▸ **Your task**:
Go to the line holding "proof (rule positivity_persists)" in the entries below and write out exactly every line down to and including the line holding "(\<tau> - 0)) \<le>".

Stored data:
text \<open>Either the series converges on some \<open>[-1-\<delta>, 1+\<delta>]\<close>, or it diverges everywhere outside
  \<open>[-1, 1]\<close>, because convergence at \<open>u\<close> forces absolute convergence inside \<open>\<bar>u\<bar>\<close>.\<close>

lemma nonneg_powser_bounded_beyond_1:
  fixes a :: "nat \<Rightarrow> real"
  assumes nonneg: "\<And>n. 0 \<le> a n" and "summable a"
  shows "\<exists>\<delta>>0. \<exists>M\<ge>0. \<forall>u. \<bar>u\<bar> \<le> 1 + \<delta> \<longrightarrow> summable (\<lambda>n. a n * u ^ n) \<longrightarrow>
           \<bar>\<Sum>n. a n * u ^ n\<bar> \<le> M"
proof (cases "\<exists>\<delta>>0. summable (\<lambda>n. a n * (1 + \<delta>) ^ n)")
  case True
  then obtain \<delta> where "\<delta> > 0" and summable_\<delta>: "summable (\<lambda>n. a n * (1 + \<delta>) ^ n)"
    by blast
  have "\<bar>\<Sum>n. a n * u ^ n\<bar> \<le> (\<Sum>n. a n * (1 + \<delta>) ^ n)" if "\<bar>u\<bar> \<le> 1 + \<delta>" for u
    using norm_suminf_le[OF _ summable_\<delta>, of "\<lambda>n. a n * u ^ n"] nonneg that
    by (simp add: abs_mult power_abs mult_left_mono power_mono)
  moreover have "0 \<le> (\<Sum>n. a n * (1 + \<delta>) ^ n)"
    using nonneg \<open>\<delta> > 0\<close> by (intro suminf_nonneg summable_\<delta>) auto
  ultimately show ?thesis
    using \<open>\<delta> > 0\<close> by blast
next
  case False
  have "\<bar>\<Sum>n. a n * u ^ n\<bar> \<le> (\<Sum>n. a n)" if "summable (\<lambda>n. a n * u ^ n)" for u
  proof -
    have "\<bar>u\<bar> \<le> 1"
    proof (rule ccontr)
      assume "\<not> \<bar>u\<bar> \<le> 1"
      then have "norm (1 + (\<bar>u\<bar> - 1) / 2) < norm u"
        by (auto simp: field_simps)
      from powser_insidea[OF that this]
      have "summable (\<lambda>n. a n * (1 + (\<bar>u\<bar> - 1) / 2) ^ n)"
        using nonneg \<open>\<not> \<bar>u\<bar> \<le> 1\<close> by (simp add: abs_mult)
      with False \<open>\<not> \<bar>u\<bar> \<le> 1\<close> show False
        by (metis diff_gt_0_iff_gt half_gt_zero linorder_not_le)
    qed
    then have "norm (a n * u ^ n) \<le> a n" for n
      using nonneg[of n] by (simp add: abs_mult power_abs power_le_one mult_left_le)
    from norm_suminf_le[OF this \<open>summable a\<close>] show ?thesis
      by simp
  qed
  moreover have "0 \<le> (\<Sum>n. a n)"
    using nonneg \<open>summable a\<close> by (intro suminf_nonneg) auto
  ultimately show ?thesis
    by (intro exI[of _ 1]) auto
qed

lemma hermite_prob_minus: "hermite_prob n (- x) = (-1) ^ n * hermite_prob n x"
  by (induction n x rule: hermite_prob.induct) (auto simp: algebra_simps)

lemma hcoeff_odd_eq_0:
  assumes even: "\<And>x. f (- x) = f x" and "odd p"
  shows "hcoeff f p = 0"
proof -
  define g where "g x = f x * hermite_h p x * std_normal_density x" for x
  have g_odd: "g (- x) = - g x" for x
    unfolding g_def hermite_h_def using even \<open>odd p\<close>
    by (simp add: hermite_prob_minus std_normal_density_def)
  have "(LINT x|lborel. g x) = \<bar>-1::real\<bar> *\<^sub>R (LINT x|lborel. g (0 + (-1) * x))"
    by (rule lborel_integral_real_affine) simp
  also have "\<dots> = - (LINT x|lborel. g x)"
    by (simp add: g_odd)
  finally show ?thesis
    unfolding hcoeff_def g_def by simp
qed

section \<open>The overlap dynamics\<close>

text \<open>\<open>U j t\<close> plays the role of the overlap u_j(t), while \<open>c0\<close> and \<open>m\<close> stand for c_p* p* and
  p* - 2. The Lipschitz bound is only required on [-4/5, 4/5]: where two overlaps coincide, the bound
  on their squares forces both below 1/sqrt 2.\<close>

locale overlap_flow =
  fixes K c0 L :: real and m k :: nat and G :: "real \<Rightarrow> real"
    and U :: "nat \<Rightarrow> real \<Rightarrow> real" and S :: "real \<Rightarrow> real"
  assumes G_bounded: "\<And>u. \<bar>u\<bar> \<le> 1 \<Longrightarrow> \<bar>G u\<bar> \<le> K"
    and G_increment: "\<And>x y. 0 \<le> x \<Longrightarrow> x \<le> y \<Longrightarrow> y \<le> 1 \<Longrightarrow> G x + c0 * (y ^ m - x ^ m) \<le> G y"
    and G_0_nonneg: "0 \<le> G 0"
    and c0_pos: "0 < c0" and m_pos: "1 \<le> m"
    and mult_G_lipschitz: "\<And>x y. \<bar>x\<bar> \<le> 4/5 \<Longrightarrow> \<bar>y\<bar> \<le> 4/5 \<Longrightarrow>
      \<bar>x * G x - y * G y\<bar> \<le> L * \<bar>x - y\<bar>"
    and S_eq: "\<And>t. S t = (\<Sum>j\<in>{1..k}. (U j t)\<^sup>2 * G (U j t))"
    and U_deriv: "\<And>j t. j \<in> {1..k} \<Longrightarrow> t \<ge> 0 \<Longrightarrow>
      (U j has_real_derivative U j t * (G (U j t) - S t)) (at t within {0..})"
    and sum_squares_le_1: "\<And>t. t \<ge> 0 \<Longrightarrow> (\<Sum>j\<in>{1..k}. (U j t)\<^sup>2) \<le> 1"
begin

lemma abs_U_le_1:
  assumes "j \<in> {1..k}" "t \<ge> 0"
  shows "\<bar>U j t\<bar> \<le> 1"
proof -
  have "(U j t)\<^sup>2 \<le> (\<Sum>i\<in>{1..k}. (U i t)\<^sup>2)"
    by (rule member_le_sum) (use assms in auto)
  also have "\<dots> \<le> 1"
    using sum_squares_le_1 assms by auto
  finally show ?thesis
    by (simp add: abs_square_le_1)
qed

lemma abs_S_le:
  assumes "t \<ge> 0"
  shows "\<bar>S t\<bar> \<le> K"
proof -
  have "\<bar>S t\<bar> \<le> (\<Sum>j\<in>{1..k}. \<bar>(U j t)\<^sup>2 * G (U j t)\<bar>)"
    unfolding S_eq by (rule sum_abs)
  also have "\<dots> \<le> (\<Sum>j\<in>{1..k}. (U j t)\<^sup>2 * K)"
    using G_bounded abs_U_le_1 assms by (intro sum_mono) (simp add: abs_mult mult_left_mono)
  also have "\<dots> = K * (\<Sum>j\<in>{1..k}. (U j t)\<^sup>2)"
    by (simp add: sum_distrib_left mult.commute)
  also have "\<dots> \<le> K"
    using sum_squares_le_1[OF assms] G_bounded[of 0] by (simp add: mult_left_le)
  finally show ?thesis .
qed

lemma G_ge_power: "0 \<le> y \<Longrightarrow> y \<le> 1 \<Longrightarrow> c0 * y ^ m \<le> G y"
  using G_increment[of 0 y] G_0_nonneg m_pos by (simp add: zero_power)

lemma G_nonneg: "0 \<le> y \<Longrightarrow> y \<le> 1 \<Longrightarrow> 0 \<le> G y"
  using G_ge_power c0_pos by (meson order.trans mult_nonneg_nonneg less_imp_le zero_le_power)

lemma G_mono: "0 \<le> x \<Longrightarrow> x \<le> y \<Longrightarrow> y \<le> 1 \<Longrightarrow> G x \<le> G y"
  using G_increment[of x y] c0_pos power_mono[of x y m] by (smt (verit) mult_nonneg_nonneg)

lemma U_continuous: "j \<in> {1..k} \<Longrightarrow> continuous_on {0..} (U j)"
  by (rule has_real_derivative_imp_continuous_on_atLeast) (use U_deriv in blast)

lemma abs_U_deriv_le:
  assumes "j \<in> {1..k}" "t \<ge> 0"
  shows "\<bar>U j t * (G (U j t) - S t)\<bar> \<le> 2 * K * \<bar>U j t\<bar>"
proof -
  have "\<bar>G (U j t) - S t\<bar> \<le> 2 * K"
    using G_bounded[OF abs_U_le_1[OF assms]] abs_S_le[OF assms(2)] by linarith
  then show ?thesis
    by (simp add: abs_mult mult_left_mono mult.commute)
qed

lemma zero_overlap_stays_zero:
  assumes j: "j \<in> {1..k}" and "U j 0 = 0" "t \<ge> 0"
  shows "U j t = 0"
  using U_deriv[OF j] \<open>U j 0 = 0\<close> _ \<open>t \<ge> 0\<close>
proof (rule vanishing_persists)
  show "\<exists>\<epsilon>>0. \<exists>C. \<forall>s\<in>{\<tau>..\<tau>+\<epsilon>}. \<bar>U j s * (G (U j s) - S s)\<bar> \<le> C * \<bar>U j s\<bar>"
    if "\<tau> \<ge> 0" for \<tau>
    using abs_U_deriv_le[OF j] that by (intro exI[of _ 1] conjI exI[of _ "2 * K"]) auto
qed

lemma positive_overlap_stays_positive:
  assumes j: "j \<in> {1..k}" and "U j 0 > 0" "t \<ge> 0"
  shows "U j t > 0"
  using U_continuous[OF j] \<open>U j 0 > 0\<close> _ \<open>t \<ge> 0\<close>
proof (rule positivity_persists)
  fix \<tau> :: real assume "\<tau> \<ge> 0" "\<forall>s\<in>{0..\<tau>}. U j s \<ge> 0"
  have "(U j 0)\<^sup>2 * exp (- (2 * (2 * K)) * (\<tau> - 0)) \<le> (U j \<tau>)\<^sup>2"
    by (rule square_gronwall_bounds(1)[OF order_refl \<open>\<tau> \<ge> 0\<close> U_deriv[OF j]])
      (use abs_U_deriv_le[OF j] in auto)
  moreover have "0 < (U j 0)\<^sup>2 * exp (- (2 * (2 * K)) * (\<tau> - 0))"
    using \<open>U j 0 > 0\<close> by simp
  ultimately show "U j \<tau> > 0"
    using \<open>\<forall>s\<in>{0..\<tau>}. U j s \<ge> 0\<close> \<open>\<tau> \<ge> 0\<close> by (force simp: le_less)
qed

lemma zero_overlap_tendsto_0:
  assumes "j \<in> {1..k}" "U j 0 = 0"
  shows "(U j \<longlongrightarrow> 0) at_top"
proof (rule Lim_transform_eventually[OF tendsto_const])
  show "\<forall>\<^sub>F t in at_top. 0 = U j t"
    using eventually_ge_at_top[of 0] by eventually_elim (simp add: zero_overlap_stays_zero[OF assms])
qed

lemma off_span_mass_has_derivative:
  assumes "t \<ge> 0"
  shows "((\<lambda>t. 1 - (\<Sum>j\<in>{1..k}. (U j t)\<^sup>2)) has_real_derivative
    - 2 * S t * (1 - (\<Sum>j\<in>{1..k}. (U j t)\<^sup>2))) (at t within {0..})"
proof -
  have "((\<lambda>t. (U j t)\<^sup>2) has_real_derivative 2 * (U j t)\<^sup>2 * (G (U j t) - S t)) (at t within {0..})"
    if "j \<in> {1..k}" for j
    using DERIV_mult[OF U_deriv[OF that assms] U_deriv[OF that assms]]
    by (simp add: power2_eq_square algebra_simps)
  then have "((\<lambda>t. \<Sum>j\<in>{1..k}. (U j t)\<^sup>2) has_real_derivative
      (\<Sum>j\<in>{1..k}. 2 * (U j t)\<^sup>2 * (G (U j t) - S t))) (at t within {0..})"
    by (intro DERIV_sum)
  from DERIV_diff[OF DERIV_const[of 1] this]
  have "((\<lambda>t. 1 - (\<Sum>j\<in>{1..k}. (U j t)\<^sup>2)) has_real_derivative
      - (\<Sum>j\<in>{1..k}. 2 * (U j t)\<^sup>2 * (G (U j t) - S t))) (at t within {0..})"
    by simp
  moreover have "(\<Sum>j\<in>{1..k}. 2 * (U j t)\<^sup>2 * (G (U j t) - S t)) =
      2 * (\<Sum>j\<in>{1..k}. (U j t)\<^sup>2 * G (U j t)) - 2 * S t * (\<Sum>j\<in>{1..k}. (U j t)\<^sup>2)"
    by (simp add: sum_subtractf sum_distrib_left algebra_simps)
  ultimately show ?thesis
    by (simp only: S_eq[symmetric]) (simp add: algebra_simps)
qed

▸ **Solution to this task**:
proof (rule positivity_persists)
  fix \<tau> :: real assume "\<tau> \<ge> 0" "\<forall>s\<in>{0..\<tau>}. U j s \<ge> 0"
  have "(U j 0)\<^sup>2 * exp (- (2 * (2 * K)) * (\<tau> - 0)) \<le> (U j \<tau>)\<^sup>2"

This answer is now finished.